Segment Start: DATASET ENTRIES

lemma has_diameter_dist_le:
  assumes "has_diameter G d" and "finite (fst G)" and "x \<in> fst G" "y \<in> fst G"
  shows "graph_dist G x y \<le> d"
proof -
  have "graph_dist G x y \<in> {graph_dist G u v | u v. u \<in> fst G \<and> v \<in> fst G}"
    using assms(3,4) by blast
  then have "graph_dist G x y \<le> Max {graph_dist G u v | u v. u \<in> fst G \<and> v \<in> fst G}"
    by (rule Max_ge[OF finite_graph_dists[OF assms(2)]])
  then show ?thesis
    using assms(1) by (simp add: has_diameter_def)
qed

lemma graph_dist_le: "walk_between G x y k \<Longrightarrow> graph_dist G x y \<le> k"
  unfolding graph_dist_def by (rule Least_le)

lemma connected_graph_walk_dist:
  assumes "connected_graph G" and "x \<in> fst G" "y \<in> fst G"
  shows "walk_between G x y (graph_dist G x y)"
proof -
  have "\<exists>k. walk_between G x y k"
    using assms unfolding connected_graph_def by blast
  then show ?thesis
    unfolding graph_dist_def by (rule LeastI_ex)
qed

lemma has_diameter_2_common_neighbour:
  assumes "has_diameter G 2" and "finite (fst G)"
    and "x \<in> fst G" "y \<in> fst G" "x \<noteq> y" "\<not> adj G x y"
  obtains u where "u \<in> fst G" "adj G x u" "adj G u y"
proof -
  have "walk_between G x y (graph_dist G x y)"
    using assms(1,3,4) by (intro connected_graph_walk_dist) (simp_all add: has_diameter_def)
  then have "x = y \<or> adj G x y \<or> (\<exists>u\<in>fst G. adj G x u \<and> adj G u y)"
    using has_diameter_dist_le[OF assms(1-4)] by (rule walk_between_le_2)
  then show thesis
    using assms(5,6) that by blast
qed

Segment End: DATASET ENTRIES

_WHAT THE TASK ASKS_
Would you count the lines in the data that contain the word "assms" and state only the number?

_OUTPUT OF THE TASK_
7